Otolaryngology Unit, Santi Paolo E Carlo Hospital, Department of Health Sciences, Università Degli Studi Di Milano, Milan, Italy.
Maxillofacial Surgery Unit, Santi Paolo E Carlo Hospital, Department of Health Sciences, Università Degli Studi Di Milano, Milan, Italy.
Eur Arch Otorhinolaryngol. 2024 Apr;281(4):1835-1841. doi: 10.1007/s00405-023-08372-4. Epub 2024 Jan 8.
This study aimed to evaluate the utility of large language model (LLM) artificial intelligence tools, Chat Generative Pre-Trained Transformer (ChatGPT) versions 3.5 and 4, in managing complex otolaryngological clinical scenarios, specifically for the multidisciplinary management of odontogenic sinusitis (ODS).
A prospective, structured multidisciplinary specialist evaluation was conducted using five ad hoc designed ODS-related clinical scenarios. LLM responses to these scenarios were critically reviewed by a multidisciplinary panel of eight specialist evaluators (2 ODS experts, 2 rhinologists, 2 general otolaryngologists, and 2 maxillofacial surgeons). Based on the level of disagreement from panel members, a Total Disagreement Score (TDS) was calculated for each LLM response, and TDS comparisons were made between ChatGPT3.5 and ChatGPT4, as well as between different evaluators.

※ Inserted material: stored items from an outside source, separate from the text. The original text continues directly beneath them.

(* Let $U,V\subseteq\mathbb{R}^n$ be bounded sets, each spanning $\mathbb{R}^n$, and let $\Delta=\sup_{u\in U,v\in V}|\langle u,v\rangle|$. Then there exists an invertible linear operator $L:\mathbb{R}^n\to\mathbb{R}^n$ such that $\|Lu\|_2\le n^{1/4}\sqrt{\Delta}$ for all $u\in U$ and $\|(L^{-1})^Tv\|_2\le n^{1/4}\sqrt{\Delta}$ for all $v\in V$. *)

theory Defs
  imports "HOL-Analysis.Analysis"
begin

end

theory Submission
  imports Defs
begin

(*
  Idea (a John-ellipsoid type argument).  Let S be the set of matrices L that map U into
  the closed unit ball.  Since U is bounded and spans, S is compact and contains a small
  multiple of the identity, so |det| attains a positive maximum on S at some L0.
  Maximality forces L0 U to be "fat in every direction": if the image L0 U were contained
  in a slab {x. |x \<bullet> w| \<le> t} with n t\<^sup>2 < 1, stretching along w and shrinking uniformly
  would give an element of S of larger |det|.  For v \<in> V the vector z = L0\<^sup>-\<^sup>T v satisfies
  (L0 u) \<bullet> z = u \<bullet> v, so L0 U lies in a slab of half-width \<Delta> / \<parallel>z\<parallel> around z\<^sup>\<bottom>, whence
  \<parallel>z\<parallel> \<le> sqrt n \<Delta>.  Rescaling L0 by n^(1/4) sqrt \<Delta> balances both bounds.
*)

lemma matrix_inv_mult:
  fixes A :: "real^'n^'n"
  assumes "invertible A"
  shows "A ** matrix_inv A = mat 1" "matrix_inv A ** A = mat 1"
  using someI_ex[OF assms[unfolded invertible_def]] unfolding matrix_inv_def by auto
(* For the OG-PPP and the PLP-PPP with line intensity $\mu$ and vehicle intensity $\lambda$, the nearest-neighbor distance distribution of the typical vehicle of order $m\in\{2,4\}$ is $$F_R(r)=1-\exp\Bigl(-m\lambda r-2\mu\int_0^r\bigl(1-e^{-2\lambda\sqrt{r^2-u^2}}\bigr)\,\mathrm{d}u\Bigr),\qquad r\ge 0.$$
   Context: A line is $L(x,\varphi)=\{(a,b): a\cos\varphi+b\sin\varphi=x\}$. Line-based Poisson street system: $\{x_i\}$ a homogeneous PPP of intensity $\mu$ on $\mathbb{R}$ with i.i.d. orientations $\varphi_i\sim\nu$ on $[0,\pi)$, $\mathcal{S}=\bigcup_i L(x_i,\varphi_i)$; OG: $\nu=\tfrac12\delta_0+\tfrac12\delta_{\pi/2}$; PLP: $\nu$ uniform on $[0,\pi)$. OG-PPP / PLP-PPP: conditionally on the lines, vehicles form independent homogeneous 1D PPPs of intensity $\lambda$ on each line. Typical vehicle of order $m$: a vehicle at the origin $o$ lying on $m/2$ lines through $o$ ($m=2$: one line, a general vehicle; $m=4$: two distinct lines, an intersection vehicle); the configuration consists of these $m/2$ lines through $o$, each with an independent PPP of intensity $\lambda$, plus an independent copy of the stationary line process with its vehicles. The vehicle at $o$ is not counted. $F_R(r)$ is the probability that some other vehicle lies within distance $r$ of $o$. *)

theory Defs
  imports "HOL-Probability.Probability"
begin

datatype street_model = OG | PLP

definition orient_law :: "street_model \<Rightarrow> real measure" where
  "orient_law s = (case s of
      OG \<Rightarrow> distr (measure_pmf (pmf_of_set {0, pi/2})) borel (\<lambda>x. x)
    | PLP \<Rightarrow> uniform_measure lborel {0..<pi})"

text \<open>Points of a homogeneous 1D Poisson process represented through its spacings:
  given gaps g (i.i.d. Exp(intensity)), the points are
  g 0, g 0 + g 1, ... on the positive half-line and -g(-1), -g(-1)-g(-2), ... on the
  negative half-line (point i for i in int).\<close>
definition ppp_point :: "(int \<Rightarrow> real) \<Rightarrow> int \<Rightarrow> real" where
  "ppp_point g i = (if 0 \<le> i then (\<Sum>j\<in>{0..i}. g j) else - (\<Sum>j\<in>{i..-1}. g j))"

While disagreement to some degree was demonstrated in 73/80 evaluator reviews of LLMs' responses, TDSs were significantly lower for ChatGPT4 compared to ChatGPT3.5. Highest TDSs were found in the case of complicated ODS with orbital abscess, presumably due to increased case complexity with dental, rhinologic, and orbital factors affecting diagnostic and therapeutic options. There were no statistically significant differences in TDSs between evaluators' specialties, though ODS experts and maxillofacial surgeons tended to assign higher TDSs.

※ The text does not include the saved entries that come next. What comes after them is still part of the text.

(* Let $\mathcal V$ be a descent category, $T$ a finite simplicial set, $S\subset T$ a simplicial subset, and $f:X\to Y$ a hypercover of simplicial spaces. Then the induced morphism $\mathrm{Map}(T,X)\to\mathrm{Map}(S\hookrightarrow T,f)$ is a cover.
   Context: A descent category is a small category $\mathcal V$ with a subcategory of morphisms called covers such that: $\mathcal V$ has finite limits; pullbacks of covers are covers; if $f$ and $g\circ f$ are covers then $g$ is a cover. A simplicial space is a simplicial object in $\mathcal V$. A finite simplicial set has finitely many nondegenerate simplices; $\mathrm{Map}(T,X)$ is the finite limit representing simplicial maps $T\to X$; $\mathrm{Map}(S\hookrightarrow T,f)=\mathrm{Map}(S,X)\times_{\mathrm{Map}(S,Y)}\mathrm{Map}(T,Y)$. A morphism $f:X\to Y$ is a hypercover if $X_n\to\mathrm{Map}(\partial\Delta^n\hookrightarrow\Delta^n,f)$ is a cover for all $n\ge0$. *)

theory Defs
  imports Main
begin

record ('o,'m) cat =
  Obj  :: "'o set"
  Arr  :: "'m set"
  Dom  :: "'m \<Rightarrow> 'o"
  Cod  :: "'m \<Rightarrow> 'o"
  Comp :: "'m \<Rightarrow> 'm \<Rightarrow> 'm"   (* Comp C g f = g o f *)
  Idm  :: "'o \<Rightarrow> 'm"

definition hom :: "('o,'m) cat \<Rightarrow> 'o \<Rightarrow> 'o \<Rightarrow> 'm set" where
  "hom C a b = {f \<in> Arr C. Dom C f = a \<and> Cod C f = b}"

definition is_category :: "('o,'m) cat \<Rightarrow> bool" where
  "is_category C \<longleftrightarrow>
     (\<forall>f\<in>Arr C. Dom C f \<in> Obj C \<and> Cod C f \<in> Obj C) \<and>
     (\<forall>a\<in>Obj C. Idm C a \<in> hom C a a) \<and>
     (\<forall>f\<in>Arr C. \<forall>g\<in>Arr C. Cod C f = Dom C g \<longrightarrow> Comp C g f \<in> hom C (Dom C f) (Cod C g)) \<and>
     (\<forall>f\<in>Arr C. Comp C f (Idm C (Dom C f)) = f \<and> Comp C (Idm C (Cod C f)) f = f) \<and>
     (\<forall>f\<in>Arr C. \<forall>g\<in>Arr C. \<forall>h\<in>Arr C. Cod C f = Dom C g \<longrightarrow> Cod C g = Dom C h \<longrightarrow>
        Comp C h (Comp C g f) = Comp C (Comp C h g) f)"

definition is_pullback :: "('o,'m) cat \<Rightarrow> 'm \<Rightarrow> 'm \<Rightarrow> 'o \<Rightarrow> 'm \<Rightarrow> 'm \<Rightarrow> bool" where
  "is_pullback C a b P p1 p2 \<longleftrightarrow>
     a \<in> Arr C \<and> b \<in> Arr C \<and> Cod C a = Cod C b \<and> P \<in> Obj C \<and>
     p1 \<in> hom C P (Dom C a) \<and> p2 \<in> hom C P (Dom C b) \<and> Comp C a p1 = Comp C b p2 \<and>
     (\<forall>Q q1 q2. Q \<in> Obj C \<and> q1 \<in> hom C Q (Dom C a) \<and> q2 \<in> hom C Q (Dom C b) \<and>
        Comp C a q1 = Comp C b q2 \<longrightarrow>
        (\<exists>!u. u \<in> hom C Q P \<and> Comp C p1 u = q1 \<and> Comp C p2 u = q2))"

definition is_terminal :: "('o,'m) cat \<Rightarrow> 'o \<Rightarrow> bool" where
  "is_terminal C t \<longleftrightarrow> t \<in> Obj C \<and> (\<forall>a\<in>Obj C. \<exists>!u. u \<in> hom C a t)"

text \<open>Finite limits: equivalently, a terminal object and all pullbacks.\<close>
definition has_finite_limits :: "('o,'m) cat \<Rightarrow> bool" where
  "has_finite_limits C \<longleftrightarrow> (\<exists>t. is_terminal C t) \<and>
     (\<forall>a b. a \<in> Arr C \<and> b \<in> Arr C \<and> Cod C a = Cod C b \<longrightarrow> (\<exists>P p1 p2. is_pullback C a b P p1 p2))"

definition descent_category :: "('o,'m) cat \<Rightarrow> 'm set \<Rightarrow> bool" where
  "descent_category C cov \<longleftrightarrow>
     is_category C \<and> has_finite_limits C \<and>
     cov \<subseteq> Arr C \<and>
     (\<forall>a\<in>Obj C. Idm C a \<in> cov) \<and>
     (\<forall>f\<in>cov. \<forall>g\<in>cov. Cod C f = Dom C g \<longrightarrow> Comp C g f \<in> cov) \<and>
     (\<forall>a b P p1 p2. is_pullback C a b P p1 p2 \<and> b \<in> cov \<longrightarrow> p1 \<in> cov) \<and>
     (\<forall>f g. f \<in> cov \<and> g \<in> Arr C \<and> Cod C f = Dom C g \<and> Comp C g f \<in> cov \<longrightarrow> g \<in> cov)"

text \<open>Monotone maps [m] -> [n], [m] = {0..m}, represented extensionally (value 0 outside [m]).\<close>
definition dmor :: "nat \<Rightarrow> nat \<Rightarrow> (nat \<Rightarrow> nat) set" where
  "dmor m n = {\<theta>. (\<forall>i\<le>m. \<theta> i \<le> n) \<and> (\<forall>i j. i \<le> j \<longrightarrow> j \<le> m \<longrightarrow> \<theta> i \<le> \<theta> j) \<and>
                  (\<forall>i. m < i \<longrightarrow> \<theta> i = 0)}"

definition dcomp :: "nat \<Rightarrow> (nat \<Rightarrow> nat) \<Rightarrow> (nat \<Rightarrow> nat) \<Rightarrow> (nat \<Rightarrow> nat)" where
  "dcomp k \<theta> \<phi> = (\<lambda>i. if i \<le> k then \<theta> (\<phi> i) else 0)"

definition did :: "nat \<Rightarrow> (nat \<Rightarrow> nat)" where
  "did n = (\<lambda>i. if i \<le> n then i else 0)"

text \<open>Act T m n theta : T_n -> T_m for theta : [m] -> [n].\<close>
record 'a sset =
  Simp :: "nat \<Rightarrow> 'a set"
  Act  :: "nat \<Rightarrow> nat \<Rightarrow> (nat \<Rightarrow> nat) \<Rightarrow> 'a \<Rightarrow> 'a"

definition is_sset :: "'a sset \<Rightarrow> bool" where
  "is_sset T \<longleftrightarrow>
     (\<forall>m n \<theta> x. \<theta> \<in> dmor m n \<longrightarrow> x \<in> Simp T n \<longrightarrow> Act T m n \<theta> x \<in> Simp T m) \<and>
     (\<forall>n x. x \<in> Simp T n \<longrightarrow> Act T n n (did n) x = x) \<and>
     (\<forall>k m n \<phi> \<theta> x. \<phi> \<in> dmor k m \<longrightarrow> \<theta> \<in> dmor m n \<longrightarrow> x \<in> Simp T n \<longrightarrow>
        Act T k m \<phi> (Act T m n \<theta> x) = Act T k n (dcomp k \<theta> \<phi>) x)"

LLMs like ChatGPT, especially newer versions, showed potential for complimenting evidence-based clinical decision-making, but substantial disagreement was still demonstrated between LLMs and clinical specialists across most case examples, suggesting they are not yet optimal in aiding clinical management decisions. Future studies will be important to analyze LLMs' performance as they evolve over time.
本研究旨在评估大型语言模型(LLM)人工智能工具,即 Chat Generative Pre-Trained Transformer(ChatGPT)版本 3.5 和 4,在管理复杂的耳鼻喉科临床场景中的效用,特别是在牙源性鼻窦炎(ODS)的多学科管理方面。

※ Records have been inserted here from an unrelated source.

(* Suppose $n=2^s$ or $n=3\cdot 2^s$, $n\ge 8$, and let $R_n={\mathbf Z}[\zeta_n,1/2]$ with $\zeta_n=e^{2\pi i/n}$. Then $\mathrm{PU}_2(R_n)/\mathrm{PSU}_2(R_n)\cong\mu_n/\mu_n^2\cong{\mathbf Z}/2{\mathbf Z}$, where $\mu_n$ is the group of $n$th roots of unity.
   Context: $\mathrm{U}_2(R_n)$ is the group of $2\times2$ matrices $A$ over $R_n$ with $A\overline A^T=I$, $\mathrm{SU}_2(R_n)$ those of determinant $1$; $\mathrm{PU}_2(R_n)$ is $\mathrm{U}_2(R_n)$ modulo scalar matrices and $\mathrm{PSU}_2(R_n)=\mathrm{SU}_2(R_n)/\{\pm1\}$, viewed as a subgroup of $\mathrm{PU}_2(R_n)$. *)

theory Defs
  imports "HOL-Analysis.Analysis" "HOL-Algebra.Elementary_Groups"
    "HOL-Computational_Algebra.Polynomial"
begin

definition zeta :: "nat \<Rightarrow> complex" where
  "zeta n = cis (2 * pi / real n)"

definition Rn :: "nat \<Rightarrow> complex set" where
  "Rn n = {x. \<exists>(p :: int poly) (k :: nat).
              x = poly (map_poly of_int p) (zeta n) / 2 ^ k}"

definition ctrans :: "complex^2^2 \<Rightarrow> complex^2^2" where
  "ctrans A = (\<chi> i j. cnj (A $ j $ i))"

definition U2_set :: "nat \<Rightarrow> (complex^2^2) set" where
  "U2_set n = {A. (\<forall>i j. A $ i $ j \<in> Rn n) \<and> A ** ctrans A = mat 1}"

definition SU2_set :: "nat \<Rightarrow> (complex^2^2) set" where
  "SU2_set n = {A \<in> U2_set n. det A = 1}"

definition U2 :: "nat \<Rightarrow> (complex^2^2) monoid" where
  "U2 n = \<lparr>carrier = U2_set n, mult = (**), one = mat 1\<rparr>"

definition scalars :: "nat \<Rightarrow> (complex^2^2) set" where
  "scalars n = {A \<in> U2_set n. \<exists>c. A = mat c}"

definition PU2 :: "nat \<Rightarrow> (complex^2^2) set monoid" where
  "PU2 n = U2 n Mod scalars n"

text \<open>PSU_2(R_n) = SU_2(R_n)/{+-1}, viewed as the subgroup of PU_2(R_n)
  given by the images of SU_2(R_n)\<close>
definition PSU2 :: "nat \<Rightarrow> (complex^2^2) set set" where
  "PSU2 n = (\<lambda>A. r_coset (U2 n) (scalars n) A) ` SU2_set n"

definition mu :: "nat \<Rightarrow> complex monoid" where
  "mu n = \<lparr>carrier = {z. z ^ n = 1}, mult = (*), one = 1\<rparr>"

definition mu_squares :: "nat \<Rightarrow> complex set" where
  "mu_squares n = {z ^ 2 | z. z ^ n = 1}"

end

theory Submission
  imports Defs
begin

text \<open>
  Let \<open>n = 2\<^sup>s\<close> or \<open>n = 3 \<cdot> 2\<^sup>s\<close>, let \<open>\<eta>\<close> be a primitive \<open>2\<^sup>s\<close>-th and \<open>\<omega>\<close> a primitive
  cube root of unity, so that \<open>R\<^sub>n \<subseteq> \<int>[\<eta>, \<omega>][1/2]\<close>. The determinant induces a homomorphism
  \<open>PU\<^sub>2(R\<^sub>n) \<rightarrow> \<mu>\<^sub>n/\<mu>\<^sub>n\<^sup>2\<close>; it is onto because \<open>diag(1, z)\<close> has determinant \<open>z\<close>, and its
  kernel is \<open>PSU\<^sub>2(R\<^sub>n)\<close> because a unitary matrix whose determinant is a square \<open>z\<^sup>2\<close>
  becomes special unitary after scaling by \<open>z\<^sup>-\<^sup>1\<close>. Both steps need that every
  \<open>u \<in> R\<^sub>n\<close> with \<open>u \<cdot> cnj u = 1\<close> is an \<open>n\<close>-th root of unity.

  For this write \<open>2\<^sup>k u = A + B \<omega>\<close> with \<open>A, B \<in> \<int>[\<eta>]\<close>; then
  \<open>A \<cdot> cnj A + B \<cdot> cnj B - A \<cdot> cnj B = 4\<^sup>k\<close>. The element \<open>\<pi> = 1 - \<eta>\<close> satisfies \<open>\<pi>\<^bsup>M\<^esup> = 2 \<cdot> unit\<close>
  (\<open>M = 2\<^bsup>s-1\<^esup>\<close>) and \<open>\<int>[\<eta>]/\<pi> = \<bbbF>\<^sub>2\<close>, where the form \<open>a\<^sup>2 - ab + b\<^sup>2\<close> is anisotropic; a
  \<open>\<pi>\<close>-adic descent therefore makes \<open>A\<close> and \<open>B\<close> divisible by \<open>2\<^sup>k\<close>. After cancelling, the
  constant coordinate with respect to the basis \<open>1, \<eta>, \<dots>, \<eta>\<^bsup>M-1\<^esup>\<close> turns
  \<open>A \<cdot> cnj A + B \<cdot> cnj B - A \<cdot> cnj B = 1\<close> into a sum of positive definite binary forms in the integer
  coordinates of \<open>A\<close> and \<open>B\<close> equal to \<open>1\<close>. Hence \<open>A = a \<eta>\<^sup>j\<close>, \<open>B = b \<eta>\<^sup>j\<close> with \<open>a + b \<omega>\<close> a
  unit of \<open>\<int>[\<omega>]\<close>, i.e. \<open>u = \<plusminus>\<eta>\<^sup>j \<omega>\<^sup>e\<close>. That \<open>1, \<eta>, \<dots>, \<eta>\<^bsup>M-1\<^esup>\<close> is a basis rests on the
  irreducibility of \<open>X\<^sup>M + 1\<close> (Eisenstein's criterion at \<open>2\<close>).
\<close>

section \<open>Integer polynomials\<close>

lemma even_choose_two_power:
  assumes "0 < k" "k < 2 ^ r"
  shows "even ((2::nat) ^ r choose k)"
proof (rule ccontr)
  assume "odd (2 ^ r choose k)"
  then have "coprime ((2::nat) ^ r) (2 ^ r choose k)"
    by (simp add: coprime_commute)
  moreover have "(2::nat) ^ r dvd k * (2 ^ r choose k)"
    using times_binomial_minus1_eq[OF assms(1), of "2 ^ r"] by simp
  ultimately have "(2::nat) ^ r dvd k"
    using coprime_dvd_mult_left_iff by blast
  with assms show False
    by (simp add: nat_dvd_not_less)
qed

lemma eisenstein_criterion_aux:
  fixes F G H :: "int poly" and p :: int
  assumes p: "prime p" and FGH: "F = G * H"
    and low: "\<And>k. k < degree F \<Longrightarrow> p dvd coeff F k"
    and lead: "\<not> p dvd lead_coeff F" and const: "\<not> p\<^sup>2 dvd coeff F 0"
    and G0: "p dvd coeff G 0"
  shows "degree H = 0"
proof (rule ccontr)
  assume H_deg: "degree H \<noteq> 0"
  have "F \<noteq> 0"
    using lead by auto
  then have "G \<noteq> 0" "H \<noteq> 0"
    using FGH by auto
  then have deg_F: "degree F = degree G + degree H"
    using FGH degree_mult_eq by blast
  have "\<not> p dvd lead_coeff G"
    using lead by (auto simp: FGH lead_coeff_mult)
  have "coeff F 0 = coeff G 0 * coeff H 0"
    by (simp add: FGH coeff_mult_0)
  then have H0: "\<not> p dvd coeff H 0"
    using G0 const by (metis mult_dvd_mono power2_eq_square)
  define i where "i = (LEAST i. \<not> p dvd coeff G i)"
  have Gi: "\<not> p dvd coeff G i"
    unfolding i_def by (rule LeastI) fact
  have "i \<le> degree G"
    unfolding i_def by (rule Least_le) fact
  then have "i < degree F"
    using deg_F H_deg by linarith
  have below_i: "p dvd coeff G j" if "j < i" for j
    using not_less_Least[of j "\<lambda>i. \<not> p dvd coeff G i"] that by (simp add: i_def)
  have "coeff F i = (\<Sum>j<i. coeff G j * coeff H (i - j)) + coeff G i * coeff H 0"
    by (simp add: FGH coeff_mult lessThan_Suc_atMost[symmetric])
  moreover have "p dvd (\<Sum>j<i. coeff G j * coeff H (i - j))"
    by (intro dvd_sum dvd_mult2 below_i) simp
  moreover have "\<not> p dvd coeff G i * coeff H 0"
    using p Gi H0 by (simp add: prime_dvd_mult_iff)
  ultimately have "\<not> p dvd coeff F i"
    by (simp add: dvd_add_right_iff)
  with low \<open>i < degree F\<close> show False
    by blast
qed

lemma eisenstein_criterion:
  fixes F G H :: "int poly" and p :: int
  assumes p: "prime p" and FGH: "F = G * H"
    and low: "\<And>k. k < degree F \<Longrightarrow> p dvd coeff F k"
    and lead: "\<not> p dvd lead_coeff F" and const: "\<not> p\<^sup>2 dvd coeff F 0"
  shows "degree G = 0 \<or> degree H = 0"
proof (cases "degree F = 0")
  case True
  have "F \<noteq> 0"
    using lead by auto
  with True show ?thesis
    using FGH degree_mult_eq by fastforce
next
  case False
  then have "p dvd coeff G 0 * coeff H 0"
    using low[of 0] by (simp add: FGH coeff_mult_0)
  then consider "p dvd coeff G 0" | "p dvd coeff H 0"
    using p prime_dvd_mult_iff by blast
  then show ?thesis
  proof cases
    case 1
    from eisenstein_criterion_aux[OF p FGH low lead const this] show ?thesis ..
  next
    case 2
    from FGH have "F = H * G"
      by (simp add: mult.commute)
    from eisenstein_criterion_aux[OF p this low lead const 2] show ?thesis ..
  qed
qed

采用五个专门设计的 ODS 相关临床场景,对前瞻性、结构化的多学科专家评估进行了研究。由 8 名多学科专家评估者(2 名 ODS 专家、2 名鼻科专家、2 名耳鼻喉科专家和 2 名颌面外科医生)对这些场景中 LLM 的回答进行了批判性审查。根据小组成员的分歧程度,为每个 LLM 响应计算了总分歧评分(TDS),并比较了 ChatGPT3.5 和 ChatGPT4 之间以及不同评估者之间的 TDS。
虽然在 80 名评估者对 LLM 回复的审查中,在某种程度上存在分歧,但与 ChatGPT3.5 相比,ChatGPT4 的 TDS 明显更低。在伴有眼眶脓肿的复杂 ODS 病例中,TDS 最高,这可能是由于涉及牙齿、鼻科和眼眶因素的病例复杂性增加,影响了诊断和治疗选择。在评估者的专业之间,TDS 没有统计学上的显著差异,但 ODS 专家和颌面外科医生倾向于分配更高的 TDS。
像 ChatGPT 这样的 LLM,尤其是较新版本,显示出在补充基于证据的临床决策方面的潜力,但在大多数案例中,LLM 与临床专家之间仍然存在很大的分歧,这表明它们在辅助临床管理决策方面还不是最佳选择。未来的研究对于分析 LLM 随时间的演变表现将非常重要。